Medicines and the Microbiome
We now know more than ever before about the complex ecosystem of bacteria, fungi, and viruses within our bodies
The human body plays host to trillions of microbial cells across the epithelial surfaces of the mouth and gut. These communities of microorganisms – collectively, the human microbiome – have crucial roles in human physiology and organ function, particularly in digestion and immunity.
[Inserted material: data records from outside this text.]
(* Let $D \in \mathbb{R}^{m \times n}$, let $Q \in \mathbb{Z}^{m\times n}$ be such that for each $j$ the $j$th column of $Q$ stores the sorting of the $j$th column of $D$, and let $(a_1,\ldots,a_p)$ be a sequence with $a_k \in \{0,\ldots,n-1\}$ for all $k$. Then QuickLexSort$(D,Q,(a_1,\ldots,a_p))$ returns the ranking vector of the lexicographical sorting of the sub-matrix of $D$ determined by the sequence of columns $(a_1,\ldots,a_p)$.
   Context: Rows of $D$ are indexed by $\{0,\ldots,m-1\}$, columns by $\{0,\ldots,n-1\}$. "The $j$th column of $Q$ stores the sorting of the $j$th column of $D$" means $(Q_{0j},\ldots,Q_{m-1,j})$ is a permutation of $\{0,\ldots,m-1\}$ with $D_{Q_{0j},j} \le \cdots \le D_{Q_{m-1,j},j}$. For a sequence of columns $(b_1,\ldots,b_q)$, the sub-matrix determined by it has row $r$ equal to $(D_{r b_1},\ldots,D_{r b_q})$; rows are compared lexicographically ($v <_{\mathrm{lex}} w$ iff $v_1<w_1$, or $v_1=w_1,\ldots,v_k=w_k$ and $v_{k+1}<w_{k+1}$ for some $k$). The ranking vector of this ordering is the unique $L \in \{0,\ldots,m-1\}^m$ such that equal rows get equal values, a lexicographically smaller row gets a strictly smaller value, and $\sum_r L_r$ is minimal (equivalently, $L_r$ is the number of distinct rows strictly lexicographically smaller than row $r$). QuickLexSortRefine$(D,Q,i,L)$: initialize integer arrays $\mathrm{IDval},\mathrm{IDvalInit},\mathrm{subID},\mathrm{newCount},\mathrm{numNewID}$ of length $m$ to zero. For $j=0,\ldots,m-1$: let $r := Q[j,i]$, $\ell := L[r]$; if $\mathrm{IDvalInit}[\ell]=0$, set $\mathrm{IDvalInit}[\ell]:=1$, $\mathrm{IDval}[\ell]:=D[r,i]$; otherwise if $\mathrm{IDval}[\ell]\neq D[r,i]$, set $\mathrm{IDval}[\ell]:=D[r,i]$ and increment $\mathrm{newCount}[\ell]$; then set $\mathrm{subID}[r]:=\mathrm{newCount}[\ell]$. Set $\mathrm{numNewID}[m-1]:=\sum_{j=0}^{m-2}\mathrm{newCount}[j]$ and for $j=m-2,\ldots,1$, $\mathrm{numNewID}[j]:=\mathrm{numNewID}[j+1]-\mathrm{newCount}[j]$ ($\mathrm{numNewID}[0]=0$). Return $L'$ with $L'[j]:=L[j]+\mathrm{numNewID}[L[j]]+\mathrm{subID}[j]$ for $j=0,\ldots,m-1$. QuickLexSort$(D,Q,(a_1,\ldots,a_p))$: set $L'$ to the zero vector of length $m$; for $k=1,\ldots,p$ in order, set $L' := $ QuickLexSortRefine$(D,Q,a_k,L')$; return $L'$. *)

theory Defs
  imports Complex_Main
begin

text \<open>Matrices are functions nat => nat => _ (row, column); only indices below the
  dimensions m (rows) and n (columns) are relevant. Vectors of length m are nat => nat.\<close>

definition col_sorting :: "nat \<Rightarrow> (nat \<Rightarrow> nat \<Rightarrow> real) \<Rightarrow> (nat \<Rightarrow> nat \<Rightarrow> nat) \<Rightarrow> nat \<Rightarrow> bool" where
  "col_sorting m D Q j \<longleftrightarrow>
     bij_betw (\<lambda>k. Q k j) {..<m} {..<m} \<and>
     (\<forall>k. Suc k < m \<longrightarrow> D (Q k j) j \<le> D (Q (Suc k) j) j)"

definition lex_less :: "real list \<Rightarrow> real list \<Rightarrow> bool" where
  "lex_less v w \<longleftrightarrow>
     (\<exists>k. Suc k \<le> length v \<and> Suc k \<le> length w \<and>
          (\<forall>i<k. v ! i = w ! i) \<and> v ! k < w ! k)"

definition sub_row :: "(nat \<Rightarrow> nat \<Rightarrow> real) \<Rightarrow> nat list \<Rightarrow> nat \<Rightarrow> real list" where
  "sub_row D bs r = map (\<lambda>b. D r b) bs"

definition ranking_vector :: "nat \<Rightarrow> (nat \<Rightarrow> nat \<Rightarrow> real) \<Rightarrow> nat list \<Rightarrow> nat \<Rightarrow> nat" where
  "ranking_vector m D bs r =
     card {sub_row D bs s | s. s < m \<and> lex_less (sub_row D bs s) (sub_row D bs r)}"

type_synonym qls_state = "(nat \<Rightarrow> real) \<times> (nat \<Rightarrow> nat) \<times> (nat \<Rightarrow> nat) \<times> (nat \<Rightarrow> nat)"

definition qls_step :: "(nat \<Rightarrow> nat \<Rightarrow> real) \<Rightarrow> (nat \<Rightarrow> nat \<Rightarrow> nat) \<Rightarrow> nat \<Rightarrow> (nat \<Rightarrow> nat)
    \<Rightarrow> nat \<Rightarrow> qls_state \<Rightarrow> qls_state" where
  "qls_step D Q i L j st =
     (let (IDval, IDvalInit, subID, newCount) = st;
          r = Q j i; l = L r;
          (IDval', IDvalInit', newCount') =
            (if IDvalInit l = 0 then (IDval(l := D r i), IDvalInit(l := 1), newCount)
             else if IDval l \<noteq> D r i then (IDval(l := D r i), IDvalInit, newCount(l := newCount l + 1))
             else (IDval, IDvalInit, newCount))
      in (IDval', IDvalInit', subID(r := newCount' l), newCount'))"
(* Assume every policy $\mu^i$ is $L_\mu$-Lipschitz, $l$ is $\bar L_\mathrm{l}$-smooth, and $V$ is $\bar L_\mathrm{V}$-smooth with $V(x)\ge-\underline{c}_\mathrm{V}+\underline{L}_\mathrm{V}|x|^2/2$ for some $\underline{L}_\mathrm{V}>0$, $\underline{c}_\mathrm{V}\ge0$. Then there exist constants $c_2,c_\mathrm{o}\ge0$ such that $$\mathrm{E}[V(f(x,\mu^i(x)+n_\mathrm{u})+n)]\le c_2V(x)-\mathrm{E}[l(x,\mu^i(x)+n_\mathrm{u})]+c_\mathrm{o}+(\bar L_\mathrm{V}L^2+\bar L_\mathrm{l})d_\mathrm{u}\sigma_\mathrm{u}^2+\frac{\bar L_\mathrm{V}}2d_\mathrm{x}\sigma^2$$ for all $x\in\mathbb{R}^{d_\mathrm{x}}$, all $\sigma_\mathrm{u}>0$ and all $i\in\{1,\dots,m\}$, where $n\sim\mathcal N(0,\sigma^2I)$ and $n_\mathrm{u}\sim\mathcal N(0,\sigma_\mathrm{u}^2I)$ are independent, $c_2=(8L^2\bar L_\mathrm{V}(1+L_\mu)^2+2\bar L_\mathrm{l}(1+2L_\mu^2))/\underline{L}_\mathrm{V}$, and $c_\mathrm{o}$ can be expressed as an explicit function of $\max_i|\mu^i(0)|$, $V(0)$, $|\nabla V(0)|$, $l(0,0)$, $|\nabla l(0,0)|$, $|f(0,\mu(0))|$ and $\underline{c}_\mathrm{V}$.
   Context: $f:\mathbb{R}^{d_\mathrm{x}}\times\mathbb{R}^{d_\mathrm{u}}\to\mathbb{R}^{d_\mathrm{x}}$ is the true dynamics, $L$-Lipschitz in $(x,u)$, equal to one of finitely many candidates $f^1,\dots,f^m$ (say $f=f^{i^*}$), each with an associated policy $\mu^i:\mathbb{R}^{d_\mathrm{x}}\to\mathbb{R}^{d_\mathrm{u}}$; $\mu:=\mu^{i^*}$. $\sigma>0$. The stage cost is $l:\mathbb{R}^{d_\mathrm{x}}\times\mathbb{R}^{d_\mathrm{u}}\to\mathbb{R}_{\ge0}$. $V:\mathbb{R}^{d_\mathrm{x}}\to\mathbb{R}_{\ge0}$ is a cost-to-go function for $f$ and $\mu$: for a constant $L_\mathrm{u}$ and a constant $\gamma$, $V(x)\ge\mathrm{E}[l(x,u)+V(f(x,u)+n)]-\gamma-d_\mathrm{u}L_\mathrm{u}\sigma_\mathrm{u}^2$ for all $x$, with $u=\mu(x)+n_\mathrm{u}$, $n\sim\mathcal N(0,\sigma^2I)$, $n_\mathrm{u}\sim\mathcal N(0,\sigma_\mathrm{u}^2I)$. A function is $\beta$-smooth if it is differentiable with $\beta$-Lipschitz gradient; $|\cdot|$ is the Euclidean norm. *)

theory Defs
  imports "HOL-Analysis.Analysis" "HOL-Probability.Probability"
begin

definition grad :: "('a::euclidean_space \<Rightarrow> real) \<Rightarrow> 'a \<Rightarrow> 'a" where
  "grad F x = (SOME g. (F has_derivative (\<lambda>h. g \<bullet> h)) (at x))"
(* Let $S$ be a semigroup with an idempotent $e$ (i.e. $ee=e$) such that the subsemigroup $eSe=\{exe : x\in S\}$ satisfies either $eSe=Se$ or $eSe=eS$. Then $BS\simeq B(eSe)$.
   Context: For a semigroup $S$, the classifying space $BS$ is the geometric realization of the $\Delta$-set whose $n$-simplices are the $n$-tuples $(x_1,\dots,x_n)\in S^n$, with face maps $d_0(x_1,\dots,x_n)=(x_2,\dots,x_n)$, $d_i(x_1,\dots,x_n)=(x_1,\dots,x_{i-1},x_ix_{i+1},x_{i+2},\dots,x_n)$ for $0<i<n$, and $d_n(x_1,\dots,x_n)=(x_1,\dots,x_{n-1})$. Here $Se=\{xe:x\in S\}$ and $eS=\{ex:x\in S\}$. *)

theory Defs
  imports "HOL-Analysis.Analysis" "HOL-Homology.Homology"
begin
text \<open>The last start point \<open>xs\<close> whose characteristic reaches \<open>z \<le> 0\<close> before time \<open>s\<close>.\<close>
lemma charac_neg_boundary:
  assumes s: "0 \<le> s" and x: "0 \<le> x" and neg: "charac x s < 0"
  obtains xs ss where "x < xs" "ss \<in> {0..s}" "charac xs ss = 0"
    "\<And>r. r \<in> {0..s} \<Longrightarrow> 0 \<le> charac xs r"
    "\<And>x' r. xs < x' \<Longrightarrow> r \<in> {0..s} \<Longrightarrow> 0 < charac x' r"
proof -
  define X where "X = s * M + 1 + x"
  define K where "K = ({x..X} \<times> {0..s}) \<inter> (\<lambda>p. charac (fst p) (snd p)) -` {..0}"
  have "compact (fst ` K)"
    unfolding K_def using compact_charac_nonpos[OF s]
    by (rule compact_continuous_image[OF continuous_on_fst[OF continuous_on_id]])
  moreover have "(x, s) \<in> K" using neg s x M_pos by (auto simp: K_def X_def)
  then have "fst ` K \<noteq> {}" by blast
  ultimately obtain xs where "xs \<in> fst ` K" and max: "\<forall>x'\<in>fst ` K. x' \<le> xs"
    using compact_attains_sup by blast
  then obtain ss where p: "(xs, ss) \<in> K" by force
  have beyond: "0 < charac x' r" if "xs < x'" "r \<in> {0..s}" for x' r
  proof (cases "x' \<le> X")
    case True
    show ?thesis
    proof (rule ccontr)
      assume "\<not> ?thesis"
      then have "(x', r) \<in> K" using True that p by (auto simp: K_def)
      with max that(1) show False by force
    qed
  qed (use that x charac_pos_if_start_large[of r s x'] in \<open>auto simp: X_def\<close>)
  have limit: "0 \<le> charac xs r" if "r \<in> {0..s}" for r
  proof (rule tendsto_lowerbound)
    show "((\<lambda>x'. charac x' r) \<longlongrightarrow> charac xs r) (at_right xs)"
      using isCont_charac_start[of xs r] by (auto simp: isCont_def intro: tendsto_within_subset)
    show "\<forall>\<^sub>F x' in at_right xs. 0 \<le> charac x' r"
      using eventually_at_right_less[of xs] by eventually_elim (use beyond that in fastforce)
  qed simp
  have box: "x \<le> xs" "ss \<in> {0..s}" "charac xs ss \<le> 0"
    using p by (auto simp: K_def)
  have "xs \<noteq> x" using limit[of s] neg s by auto
  with box(1) have "x < xs" by simp
  moreover have "charac xs ss = 0" using limit[OF box(2)] box(3) by simp
  ultimately show ?thesis by (rule that[OF _ box(2) _ limit beyond])
qed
They may also have significant impacts, both positive and negative, on the effectiveness of medicines.
Fortunately, we now have a greater scientific understanding and appreciation for the microbiome than ever before – mostly thanks to the efforts of the Human Microbiome Project (HMP), a US National Institute of Health initiative launched in 2008. HMP’s goal is to identify and characterize the microorganisms associated with both health and disease, and many of the findings have implications for the way that medicines are formulated and the environment in which they are prepared. The truly exciting aspect of this work is that it reveals, for the first time, the extent to which the human body is host to a vast array of different microbes. But this isn’t just an area of academic intrigue; interactions between the human body and its microorganisms are vital for human health.
Understanding the intricacies of co-metabolic activity that occur amongst individual bacterial populations, pharmacologically derived byproducts, and the human gut has become a subject of much research. The microbiome regulates metabolic balance and homeostatic activity, adapting to each individual and their environmental circumstances, which makes all medicines unintentionally ‘personalized’ in a way. Indeed, the extent to which the microbiome influences the relative effectiveness of drugs in different individuals is a fascinating topic with great potential. It is not hard to imagine a new era of personalized medicine, when an individual’s microbiome might be screened to ensure that a particular medicine targets only certain parts of the body, perhaps working in conjunction with some microorganisms whilst avoiding degradation by others.
But that’s the future. One area that has seen immediate increased attention as a result of HMP’s work is contamination. We all know that non-sterile medicines, such as creams and ointments, must be protected from specific pathogens, while any contamination at all of sterile products can be extremely dangerous. However, the HMP has shown that the microbiome of the human skin is more diverse than previously thought, demanding a rethink of several aspects of sterile production, from improvements in the types of cleanroom clothing worn to the way that clean filtered air is provided and circulated. We each shed a billion skin cells per day – that’s 30,000 to 40,000 dead skin cells every minute – and approximately 10 percent of those cells play host to microorganisms. Clearly, those tasked with designing controlled environments must guarantee clean air spaces that effectively remove any contamination dispersed by operators (through turbulent air-flow), verify that disinfectants have appropriate biocidal activity, and ensure that staff changing procedures are sufficiently robust.
Now that the HMP has provided us with new information about the richness and complexity of the bacteria, fungi, viruses and other organisms that live in intimate contact with us, it’s crucial that we apply this knowledge across the board. Deeper knowledge of the human microbiome can help us develop new, optimized or even personalized medicines, but it can also ensure that medicines are not contaminated with microbial populations that might interfere with their action or otherwise cause harm.
Tim Sandle is a chartered biologist with over 25 years’ experience of microbiological research and biopharmaceutical processing. He has been following the human microbiome research outcomes in great detail since 2010 and his proudest achievement is implementing a test method to assess the efficacy of a disinfectant to destroy bacterial spores. He serves on several national and international committees relating to pharmaceutical microbiology and cleanroom contamination control. In addition, he has written numerous peer reviewed papers, technical articles and books relating to microbiology.